The best way to get started with Fly.io is right here:

https://fly.io/docs/hands-on/start/

If you aren’t ready to dive into the docs, know this: Fly.io takes docker images – technically OCI images (a standardized form of docker images) – and creates firecracker VMs out them. Firecracker is the super lightweight VM technology that powers AWS Lambda and AWS Fargate.

With that backgound, know that we will package our project as a Dockerfile, but through the deployment toolchain, our code will run on Fly.io as a firecracker VM.

Securing the Network with Tailscale

I am already a huge fan of tailscale, so it was the obvious choice when approaching the problem of how to secure the network. With tailscale I can lock down access to only my devices. If you haven’t heard of tailscale, or haven’t given it a try yet, check it out: https://tailscale.com/. With tailscale I can hole punch through firewalls (utilizing WireGuard tunnels) to authenticate network connections between my devices. In other words, when I configured the Fly.io deployment I didn’t expose a single service/port to the internet. Instead I utilized the tailscale infrastructure to connect my devices. Only my authenticated devices can use and manage the Pi-Hole software.

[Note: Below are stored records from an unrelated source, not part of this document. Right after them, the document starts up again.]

definition mu_local_prob :: "nat \<Rightarrow> real" where
  "mu_local_prob c = (1 + level c - (level c)\<^sup>2) / (2 - level c)"

definition mu_prob :: "coin \<Rightarrow> real" where
  "mu_prob t = (case t of Global \<Rightarrow> 1/2 | Cluster c \<Rightarrow> mu_cluster_prob c | Local c k \<Rightarrow> mu_local_prob c)"

definition mu_coord :: "(coin \<Rightarrow> bool) \<Rightarrow> nat \<Rightarrow> bool" where
  "mu_coord \<omega> j \<longleftrightarrow>
    active j \<and> \<omega> Global \<and> \<omega> (Cluster (cluster j)) \<and> \<omega> (Local (cluster j) (slot j))"

definition nu :: "(nat \<Rightarrow> bool) measure" where
  "nu = distr (bernoulli_family nu_prob) bitspace nu_coord"

definition mu :: "(nat \<Rightarrow> bool) measure" where
  "mu = distr (bernoulli_family mu_prob) bitspace mu_coord"

definition gram :: "nat \<Rightarrow> nat \<Rightarrow> real" where
  "gram i j =
    (if active i \<and> active j then
      (if i = j then hit_prob (cluster i)
       else if cluster i = cluster j then double_hit_prob (cluster i)
       else hit_prob (cluster i) * hit_prob (cluster j)) / 2
     else 0)"

lemma cluster_prod_encode [simp]: "cluster (prod_encode (c, k)) = c"
  by (simp add: cluster_def)

lemma slot_prod_encode [simp]: "slot (prod_encode (c, k)) = k"
  by (simp add: slot_def)

lemma slot_neq_if_cluster_eq: "i \<noteq> j \<Longrightarrow> cluster i = cluster j \<Longrightarrow> slot i \<noteq> slot j"
  unfolding cluster_def slot_def by (metis prod.collapse prod_decode_inverse)

lemma nu_prob_simps [simp]:
  "nu_prob Global = 1/2" "nu_prob (Cluster c) = level c" "nu_prob (Local c k) = level c"
  by (simp_all add: nu_prob_def)

lemma mu_prob_simps [simp]:
  "mu_prob Global = 1/2" "mu_prob (Cluster c) = mu_cluster_prob c" "mu_prob (Local c k) = mu_local_prob c"
  by (simp_all add: mu_prob_def)

lemma level_pos: "0 < level c"
  by (simp add: level_def)

lemma level_le: "level c \<le> 1/4"
  using one_le_power[of "2::real" c] by (simp add: level_def power_add divide_le_eq)

lemma level_le_1: "level c \<le> 1"
  using level_le[of c] by simp

lemma level_antimono: "c \<le> c' \<Longrightarrow> level c' \<le> level c"
  unfolding level_def by (intro divide_left_mono power_increasing) auto

lemma level_add: "level (c + C) = level C / 2 ^ c"
  by (simp add: level_def power_add)

lemma width_level_power: "width c * level c ^ c = c + 1"
proof -
  have "level c ^ c = 1 / 2 ^ ((c + 2) * c)"
    unfolding level_def power_one_over power_mult ..
  moreover have "real (width c) = (c + 1) * 2 ^ ((c + 2) * c)"
    by (simp add: width_def mult.commute)
  ultimately show ?thesis by (simp add: field_simps)
qed

lemma hit_prob_bounds: "0 \<le> hit_prob c \<and> hit_prob c \<le> 2 * level c"
  using level_pos[of c] level_le[of c] by (simp add: hit_prob_def power2_eq_square mult_le_cancel_right1)

context
  fixes L :: real
  assumes L: "0 < L" "L \<le> 1/4"
begin

lemma mu_params_bounds:
  "0 \<le> (1 + L - L\<^sup>2) / (2 - L)" "(1 + L - L\<^sup>2) / (2 - L) \<le> 1"
  "0 \<le> L * (2 - L)\<^sup>2 / (1 + L - L\<^sup>2)" "L * (2 - L)\<^sup>2 / (1 + L - L\<^sup>2) \<le> 4 * L"
proof -
  have "L\<^sup>2 \<le> L" using L by (simp add: power2_eq_square mult_le_cancel_right1)
  then have den: "1 \<le> 1 + L - L\<^sup>2" by simp
  have "1 + L - L\<^sup>2 \<le> 2 - L"
    using zero_le_power2[of "1 - L"] by (simp add: power2_eq_square algebra_simps)
  then show "0 \<le> (1 + L - L\<^sup>2) / (2 - L)" "(1 + L - L\<^sup>2) / (2 - L) \<le> 1"
    using den L by simp_all
  show "0 \<le> L * (2 - L)\<^sup>2 / (1 + L - L\<^sup>2)"
    using den L by (intro divide_nonneg_pos mult_nonneg_nonneg) auto
  have "L * (2 - L)\<^sup>2 / (1 + L - L\<^sup>2) \<le> L * (2 - L)\<^sup>2"
    using divide_left_mono[OF den, of "L * (2 - L)\<^sup>2"] den L by simp
  also have "\<dots> \<le> L * 2\<^sup>2"
    using L by (intro mult_left_mono power_mono) auto
  finally show "L * (2 - L)\<^sup>2 / (1 + L - L\<^sup>2) \<le> 4 * L" by simp
qed

lemma mu_params_moments:
  "L * (2 - L)\<^sup>2 / (1 + L - L\<^sup>2) * ((1 + L - L\<^sup>2) / (2 - L)) = 2 * L - L\<^sup>2"
  "L * (2 - L)\<^sup>2 / (1 + L - L\<^sup>2) * ((1 + L - L\<^sup>2) / (2 - L))\<^sup>2 = L + L\<^sup>2 - L ^ 3"
proof -
  have "L\<^sup>2 \<le> L" using L by (simp add: power2_eq_square mult_le_cancel_right1)
  then have a: "1 + L - L\<^sup>2 \<noteq> 0" and b: "2 - L \<noteq> 0"
    using L by auto
  have "L * b\<^sup>2 / a * (a / b) = L * b" "L * b\<^sup>2 / a * (a / b)\<^sup>2 = L * a"
    if "a \<noteq> 0" "b \<noteq> 0" for a b :: real
    using that by (simp_all add: power2_eq_square)
  from this[OF a b] show
    "L * (2 - L)\<^sup>2 / (1 + L - L\<^sup>2) * ((1 + L - L\<^sup>2) / (2 - L)) = 2 * L - L\<^sup>2"
    "L * (2 - L)\<^sup>2 / (1 + L - L\<^sup>2) * ((1 + L - L\<^sup>2) / (2 - L))\<^sup>2 = L + L\<^sup>2 - L ^ 3"
    by (simp_all add: algebra_simps power2_eq_square power3_eq_cube)
qed

end

lemma mu_cluster_prob_bounds: "0 \<le> mu_cluster_prob c \<and> mu_cluster_prob c \<le> 4 * level c"
  using mu_params_bounds[OF level_pos level_le] by (simp add: mu_cluster_prob_def)

lemma mu_local_prob_bounds: "0 \<le> mu_local_prob c \<and> mu_local_prob c \<le> 1"
  using mu_params_bounds[OF level_pos level_le] by (simp add: mu_local_prob_def)

lemma mu_prob_moments:
  "mu_cluster_prob c * mu_local_prob c = hit_prob c"
  "mu_cluster_prob c * (mu_local_prob c)\<^sup>2 = double_hit_prob c"
  using mu_params_moments[OF level_pos level_le]
  by (simp_all add: mu_cluster_prob_def mu_local_prob_def hit_prob_def double_hit_prob_def)

lemma nu_prob_bounds: "0 \<le> nu_prob t \<and> nu_prob t \<le> 1"
  using level_pos level_le_1 by (cases t) (auto simp: nu_prob_def less_imp_le)

lemma mu_prob_bounds: "0 \<le> mu_prob t \<and> mu_prob t \<le> 1"
proof -
  have "mu_cluster_prob c \<le> 1" for c
    using mu_cluster_prob_bounds[of c] level_le[of c] by simp
  then show ?thesis
    using mu_cluster_prob_bounds mu_local_prob_bounds by (cases t) (auto simp: mu_prob_def)
qed

lemma measurable_nu_coord [measurable]: "Measurable.pred (bernoulli_family r) (\<lambda>\<omega>. nu_coord \<omega> j)"
  unfolding nu_coord_def by measurable

lemma measurable_mu_coord [measurable]: "Measurable.pred (bernoulli_family r) (\<lambda>\<omega>. mu_coord \<omega> j)"
  unfolding mu_coord_def by measurable

section \<open>Equal second moments\<close>

lemma coord_pair_cases:
  obtains (inactive) "\<not> (active i \<and> active j)"
  | (diagonal) "active i" "i = j"
  | (same_cluster) "active i" "active j" "i \<noteq> j" "cluster i = cluster j" "slot i \<noteq> slot j"
  | (other_cluster) "active i" "active j" "i \<noteq> j" "cluster i \<noteq> cluster j"
  using slot_neq_if_cluster_eq by blast

lemma integral_nu_coord_pair:
  "(\<integral>\<omega>. of_bool (nu_coord \<omega> i) * of_bool (nu_coord \<omega> j) \<partial>bernoulli_family nu_prob) = gram i j"
proof (cases i j rule: coord_pair_cases)
  case inactive
  then show ?thesis by (auto simp: nu_coord_def gram_def)
next
  case diagonal
  define c k where "c = cluster i" "k = slot i"
  have "(\<lambda>\<omega>. of_bool (nu_coord \<omega> i) * of_bool (nu_coord \<omega> j) :: real) =
      (\<lambda>\<omega>. indicator (cylinder {Global} {}) \<omega> - indicator (cylinder {Global} {Cluster c, Local c k}) \<omega>)"
    using diagonal by (auto simp: fun_eq_iff nu_coord_def cylinder_def indicator_def c_k_def)
  then show ?thesis
    using diagonal
    by (simp add: measure_bernoulli_family_cylinder nu_prob_bounds gram_def hit_prob_def c_k_def
        power2_eq_square algebra_simps)
next
  case same_cluster
  define c k k' where "c = cluster i" "k = slot i" "k' = slot j"
  have "(\<lambda>\<omega>. of_bool (nu_coord \<omega> i) * of_bool (nu_coord \<omega> j) :: real) =
      (\<lambda>\<omega>. indicator (cylinder {Global, Cluster c} {}) \<omega> +
        indicator (cylinder {Global, Local c k, Local c k'} {Cluster c}) \<omega>)"
    using same_cluster by (auto simp: fun_eq_iff nu_coord_def cylinder_def indicator_def c_k_k'_def)
  then show ?thesis
    using same_cluster
    by (simp add: measure_bernoulli_family_cylinder nu_prob_bounds gram_def double_hit_prob_def
        c_k_k'_def power2_eq_square power3_eq_cube field_simps)
next
  case other_cluster
  define c k c' k' where "c = cluster i" "k = slot i" "c' = cluster j" "k' = slot j"
  have "(\<lambda>\<omega>. of_bool (nu_coord \<omega> i) * of_bool (nu_coord \<omega> j) :: real) =
      (\<lambda>\<omega>. indicator (cylinder {Global} {}) \<omega> - indicator (cylinder {Global} {Cluster c, Local c k}) \<omega>
        - indicator (cylinder {Global} {Cluster c', Local c' k'}) \<omega>
        + indicator (cylinder {Global} {Cluster c, Local c k, Cluster c', Local c' k'}) \<omega>)"
    using other_cluster by (auto simp: fun_eq_iff nu_coord_def cylinder_def indicator_def c_k_c'_k'_def)
  then show ?thesis
    using other_cluster
    by (simp add: measure_bernoulli_family_cylinder nu_prob_bounds gram_def hit_prob_def
        c_k_c'_k'_def power2_eq_square algebra_simps)
qed

lemma integral_mu_coord_pair:
  "(\<integral>\<omega>. of_bool (mu_coord \<omega> i) * of_bool (mu_coord \<omega> j) \<partial>bernoulli_family mu_prob) = gram i j"
proof (cases i j rule: coord_pair_cases)
  case inactive
  then show ?thesis by (auto simp: mu_coord_def gram_def)
next
  case diagonal
  define c k where "c = cluster i" "k = slot i"
  have "(\<lambda>\<omega>. of_bool (mu_coord \<omega> i) * of_bool (mu_coord \<omega> j) :: real) =
      indicator (cylinder {Global, Cluster c, Local c k} {})"
    using diagonal by (auto simp: fun_eq_iff mu_coord_def cylinder_def indicator_def c_k_def)
  then show ?thesis
    using diagonal mu_prob_moments(1)[of c]
    by (simp add: measure_bernoulli_family_cylinder mu_prob_bounds gram_def c_k_def)
next
  case same_cluster
  define c k k' where "c = cluster i" "k = slot i" "k' = slot j"
  have "(\<lambda>\<omega>. of_bool (mu_coord \<omega> i) * of_bool (mu_coord \<omega> j) :: real) =
      indicator (cylinder {Global, Cluster c, Local c k, Local c k'} {})"
    using same_cluster by (auto simp: fun_eq_iff mu_coord_def cylinder_def indicator_def c_k_k'_def)
  then show ?thesis
    using same_cluster mu_prob_moments(2)[of c]
    by (simp add: measure_bernoulli_family_cylinder mu_prob_bounds gram_def c_k_k'_def power2_eq_square
        mult.assoc)
next
  case other_cluster
  define c k c' k' where "c = cluster i" "k = slot i" "c' = cluster j" "k' = slot j"
  have "(\<lambda>\<omega>. of_bool (mu_coord \<omega> i) * of_bool (mu_coord \<omega> j) :: real) =
      indicator (cylinder {Global, Cluster c, Local c k, Cluster c', Local c' k'} {})"
    using other_cluster by (auto simp: fun_eq_iff mu_coord_def cylinder_def indicator_def c_k_c'_k'_def)
  then show ?thesis
    using other_cluster mu_prob_moments(1)[of c] mu_prob_moments(1)[of c']
    by (simp add: measure_bernoulli_family_cylinder mu_prob_bounds gram_def c_k_c'_k'_def mult_ac)
qed

lemma integral_nu_pair: "(\<integral>x. of_bool (x i) * of_bool (x j) \<partial>nu) = gram i j"
  unfolding nu_def integral_nu_coord_pair[symmetric]
  by (intro integral_distr measurable_bitspaceI measurable_nu_coord) simp

lemma integral_mu_pair: "(\<integral>x. of_bool (x i) * of_bool (x j) \<partial>mu) = gram i j"
  unfolding mu_def integral_mu_coord_pair[symmetric]
  by (intro integral_distr measurable_bitspaceI measurable_mu_coord) simp

lemma gram_diag: "gram j j = (if active j then hit_prob (cluster j) / 2 else 0)"
  by (simp add: gram_def)

lemma gram_diag_bounds: "0 \<le> gram j j \<and> gram j j \<le> level (cluster j)"
  using hit_prob_bounds[of "cluster j"] by (simp add: gram_diag)

lemma gram_diag_le_1: "0 \<le> gram j j \<and> gram j j \<le> 1"
  using gram_diag_bounds[of j] level_le_1[of "cluster j"] by auto

lemma integral_nu_coord: "(\<integral>\<omega>. of_bool (nu_coord \<omega> j) \<partial>bernoulli_family nu_prob) = gram j j"
  using integral_nu_coord_pair[of j j] by (simp flip: of_bool_conj)

lemma integral_mu_coord: "(\<integral>\<omega>. of_bool (mu_coord \<omega> j) \<partial>bernoulli_family mu_prob) = gram j j"
  using integral_mu_coord_pair[of j j] by (simp flip: of_bool_conj)

section \<open>Empirical deviations under \<open>nu\<close>\<close>

lemma Delta_nu:
  "Delta n nu = (\<integral>w. sup_deviation n (\<lambda>j. gram j j) (\<lambda>i. nu_coord (w i)) \<partial>iid n (bernoulli_family nu_prob))"
  unfolding nu_def integral_nu_coord[symmetric]
  by (intro Delta_distr prob_space_bernoulli_family measurable_bitspaceI measurable_nu_coord)

lemma integral_nu_Global: "(\<integral>\<omega>. of_bool (\<omega> Global) \<partial>bernoulli_family nu_prob) = (1/2 :: real)"
proof -
  have "(\<lambda>\<omega>. of_bool (\<omega> Global) :: real) = indicator (cylinder {Global} {})"
    by (auto simp: fun_eq_iff cylinder_def indicator_def)
  then show ?thesis by (simp add: measure_bernoulli_family_cylinder nu_prob_bounds)
qed

lemma sup_deviation_nu_le:
  "sup_deviation n (\<lambda>j. gram j j) (\<lambda>i. nu_coord (w i)) \<le> 1/2 + \<bar>frequency n (\<lambda>i. w i Global) - 1/2\<bar>"
proof (rule sup_deviation_le_bound)
  fix j
  have "frequency n (\<lambda>i. nu_coord (w i) j) \<le> frequency n (\<lambda>i. w i Global)"
    by (intro frequency_mono) (simp add: nu_coord_def)
  moreover have "gram j j \<le> 1/2"
    using gram_diag_bounds[of j] level_le[of "cluster j"] by simp
  ultimately show "\<bar>frequency n (\<lambda>i. nu_coord (w i) j) - gram j j\<bar> \<le> 1/2 + \<bar>frequency n (\<lambda>i. w i Global) - 1/2\<bar>"
    using frequency_nonneg[of n "\<lambda>i. nu_coord (w i) j"] gram_diag_bounds[of j] by linarith
qed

Bootstrapping a device to join a tailscale network is super simple – and the tailscale docs explain exactly how to do this. I’ll reiterate those steps here.

Step 1

In the Dockerfile, install the tailscale binaries. While not required by any means, I also snuck in the installation of the jq package here, which should make our lives easier when interacting with JSON responses from the tailscale API.

# This tailscale setup assumes pihole is still based on debian bullseye
RUN curl -fsSL https://pkgs.tailscale.com/stable/debian/bullseye.noarmor.gpg | \ 
        sudo tee /usr/share/keyrings/tailscale-archive-keyring.gpg >/dev/null && \
    curl -fsSL https://pkgs.tailscale.com/stable/debian/bullseye.tailscale-keyring.list | \ 
        sudo tee /etc/apt/sources.list.d/tailscale.list

# install tailscale and the jq package used for interacting with the tailscale api
RUN apt-get update && apt-get install -y tailscale jq && rm -rf /var/lib/apt/lists/*

Step 2

Now that tailscale is present on the install, we need to initialize it. In its most simple form, something like this is all it takes:

# Start up the tailscale network process (Needs to run in the background)
tailscaled --state=/var/lib/tailscale/tailscaled.state \ 
           --socket=/var/run/tailscale/tailscaled.sock &

# Join the device to the tailnet
tailscale up \ 
    --authkey=${TAILSCALE_AUTHKEY} \
    --hostname=${FLY_APP_NAME} \
    --advertise-exit-node

# --advertise-exit-node is included above, but it doesn't work yet.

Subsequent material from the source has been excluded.